In a recent interview with IWACU, you said that though government leaders want to restrict freedom of expression, Burundi remains advanced in that it is one of the rare countries in which people can express themselves freely. (“Quoique nos dirigeants veuillent restreindre la liberté d’expression, le Burundi reste l’un des rares pays où des gens peuvent s’exprimer librement.”) How will recent events change this? Do you think people will be forced to find new forms of expression?

The current situation is not the same, with the destruction of the communication channels that were the destroyed radio stations. Despite everything, there are some who manage to express themselves through the few independent media outlets who remain in operation in the country or across the international media outlets picked up in Burundi, such as RFI, BBC, VOA, and France 24.

How do Burundian journalists and reporters navigate the risks they face, particularly in light of the media laws and the current situation in Burundi?

Many journalists (close to 50) have fled the country and found refuge in neighboring countries such as Rwanda, the DRC, Tanzania, and Kenya. There are also those who remain in the country, attempting to be cautious and remain in hiding. Others are regularly threatened and criticized because of the fact that they have other options available.

How have the media laws impacted your work? How have they affected Burundians’ access to information?

This law has greatly affected both the profession and the public. Certain journalists were called out by multiple prosecutors for not revealing their sources of information, and people in the media who spoke out were also persecuted by the government, the police, and the youth wing of the ruling party [the CDD-FDD], known as the Imbonerakure. Even the ruling party has released a document detailing certain medias as enemies of the country. In this situation, you will easily understand that access to information is very difficult.
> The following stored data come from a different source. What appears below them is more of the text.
theorem mainTheorem6:
  fixes K :: "'v::linorder set set"
    and n :: nat
    and F :: "nat \<times> nat \<Rightarrow> 'v set set"
    and p q :: "nat \<Rightarrow> nat \<times> nat"
    and \<sigma> \<tau> :: "'v set"
    and g1 h1 g2 h2 :: "nat \<times> nat"
  assumes "simplicial_complex K"
    and "two_filtration K n F"
    and "non_degenerate K n F"
    and "is_path n p"
    and "takes_step n p g1 h1" and "\<sigma> \<in> F h1" and "\<sigma> \<notin> F g1"
    and "takes_step n p g2 h2" and "\<tau> \<in> F h2" and "\<tau> \<notin> F g2"
    and "paired TYPE('k::field) K n F p \<sigma> \<tau>"
  shows "\<forall>q. is_path n q \<and> takes_step n q g1 h1 \<and> takes_step n q g2 h2
           \<longrightarrow> paired TYPE('k) K n F q \<sigma> \<tau>"
proof (intro allI impI)
  fix q assume q: "is_path n q \<and> takes_step n q g1 h1 \<and> takes_step n q g2 h2"
  then show "paired TYPE('k) K n F q \<sigma> \<tau>"
    using assms(11) paired_iff_span_condition[OF assms(1-10)]
      paired_iff_span_condition[OF assms(1-3), of q g1 h1 \<sigma> g2 h2 \<tau>] assms(6,7,9,10)
    by blast
qed

end
text \<open>The inverse map re-inserts w_1 in front; avoidance is kept thanks to first_free.\<close>
lemma insert_first_into:
  assumes B: "proper_patterns B"
    and free: "first_free B w"
    and \<rho>: "\<rho> \<in> Sset (n - 1) B (dperm {1} p) (dword {1} w)"
    and w: "length w = length p" "distinct w" "p \<noteq> []" "set w \<subseteq> {1..n}"
  shows "w ! 0 # map (inc (w ! 0)) \<rho> \<in> Sset n B p w"
proof -
  let ?a = "w ! 0"
  let ?\<pi> = "?a # map (inc ?a) \<rho>"
  have a: "?a \<in> {1..n}" using w by (metis length_greater_0_conv nth_mem subsetD)
  have R: "\<rho> \<in> perms (n - 1)" "avoids B \<rho>"
      "\<forall>j<length (dperm {1} p). \<rho> ! j = dword {1} w ! j"
    using \<rho> unfolding Sset_iff by auto
  have prefix: "\<forall>j<length w. ?\<pi> ! j = w ! j"
  proof (intro allI impI)
    fix j assume j: "j < length w"
    show "?\<pi> ! j = w ! j"
    proof (cases j)
      case (Suc j')
      have "length w \<le> n" using distinct_length_le[OF w(2,4)] .
      then have j': "j' < length \<rho>" "j' < length (dperm {1} p)" "Suc j' < length w"
        using R(1) Suc j w(1) unfolding perms_def dperm_def red_def delpos_first by auto
      have "w ! Suc j' \<noteq> ?a"
        using nth_eq_iff_index_eq[OF w(2) j'(3) less_trans[OF zero_less_Suc j'(3)]] by simp
      moreover have "w \<noteq> []" using w(1,3) by auto
      ultimately have "inc ?a (dword {1} w ! j') = w ! Suc j'"
        using dword_first[OF w(2)] j'(3) inc_dec by (auto simp: nth_tl)
      then show ?thesis using Suc j' R(3) by simp
    qed simp
  qed
  have "avoids B ?\<pi>"
    unfolding avoids_def
  proof (intro ballI notI)
    fix q assume q: "q \<in> B" and "contains ?\<pi> q"
    then obtain "is" where o: "occ ?\<pi> q is" using contains_occ by blast
    have "contains (map (inc ?a) \<rho>) q"
      using contains_unCons[OF B q o] free q prefix o unfolding first_free_def by blast
    then have "contains \<rho> q" using contains_map[OF inc_mono] by blast
    then show False using R(2) q unfolding avoids_def by blast
  qed
  then show ?thesis unfolding Sset_iff using inc_perm[OF R(1) a] prefix w(1) by simp
qed

lemma delete_first_bij:
  assumes B: "proper_patterns B"
    and free: "first_free B w"
    and w: "length w = length p" "distinct w" "p \<noteq> []" "set w \<subseteq> {1..n}"
  shows "bij_betw (dperm {1}) (Sset n B p w) (Sset (n - 1) B (dperm {1} p) (dword {1} w))"
proof (rule bij_betw_byWitness[where f' = "\<lambda>\<rho>. w ! 0 # map (inc (w ! 0)) \<rho>"])
  let ?a = "w ! 0"
  show "\<forall>\<pi>\<in>Sset n B p w. ?a # map (inc ?a) (dperm {1} \<pi>) = \<pi>"
  proof
    fix \<pi> assume \<pi>: "\<pi> \<in> Sset n B p w"
    obtain \<rho> where \<rho>: "\<pi> = ?a # \<rho>" "distinct \<rho>" "set \<rho> = {1..n} - {?a}" "length \<rho> = n - 1"
      using Sset_first[OF \<pi> w(3)] w distinct_length_le[OF w(2,4)] by auto
    have a: "?a \<in> {1..n}" using w by (metis length_greater_0_conv nth_mem subsetD)
    have "map (inc ?a) (map (dec ?a) \<rho>) = \<rho>"
      unfolding map_map o_def by (rule map_idI) (use \<rho>(3) inc_dec in auto)
    then show "?a # map (inc ?a) (dperm {1} \<pi>) = \<pi>" using dperm_first[OF \<rho>(3) a] \<rho>(1) by simp
  qed
  show "\<forall>\<rho>\<in>Sset (n - 1) B (dperm {1} p) (dword {1} w). dperm {1} (?a # map (inc ?a) \<rho>) = \<rho>"
  proof
    fix \<rho> assume "\<rho> \<in> Sset (n - 1) B (dperm {1} p) (dword {1} w)"
    then have "red \<rho> = \<rho>" using red_perm unfolding Sset_iff by blast
    then show "dperm {1} (?a # map (inc ?a) \<rho>) = \<rho>"
      unfolding dperm_def delpos_first using red_map_mono[OF inc_mono order_refl] by simp
  qed
  show "dperm {1} ` Sset n B p w \<subseteq> Sset (n - 1) B (dperm {1} p) (dword {1} w)"
    using delete_first_into[OF B _ w] by blast
  show "(\<lambda>\<rho>. ?a # map (inc ?a) \<rho>) ` Sset (n - 1) B (dperm {1} p) (dword {1} w) \<subseteq> Sset n B p w"
    using insert_first_into[OF B free _ w] by blast
qed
What are your thoughts on the 2014 amendments to the media law? Specifically, could you share your thoughts on the provisions made to the clauses concerning the confidentiality of journalists’ sources? Have these improvements been enough, or is there more revision to be done?

Many positive amendments were made to the press law. But unfortunately, they have amounted to nothing because the law has remained as such. The President of the Republic has not promulgated the law containing the amendments, which is often the case.

Could you tell us about the recent marches and protests that the UBJ has organized? What impact are they having on freedom of expression in Burundi, and what are the UBJ’s greatest concerns at this time?

We have organized protests condemning the imprisonment of our colleagues Hassan Ruvakuki (in 2012) and Bob Rugurika (in 2015). Despite the interdictions, the threats, and the attacks made by police during these protests, we remained firm, and I believe that the protests greatly contributed to the release of our colleagues.

Our greatest concern today is the survival of journalists at this moment when the majority of independent media remains silent. We are equally concerned by the absence of credible and diverse information, depriving the public of their right to information despite the fact that it is recognized by the Burundian constitution and the various international measures that Burundi has ratified.

What are your current plans and hopes for the future of independent press in Burundi?

We will not stand idle. We continue to brainstorm ways and means to resume the profession within our means and limitations. We still hope to return to our country and resume our profession for the interest of the public. We constantly dream of a good day when we will meet again in our newsrooms, discussing the issues necessary for once again serving the Burundian public, who need it now more than ever. And we are confident that, sooner or later, this good day will come!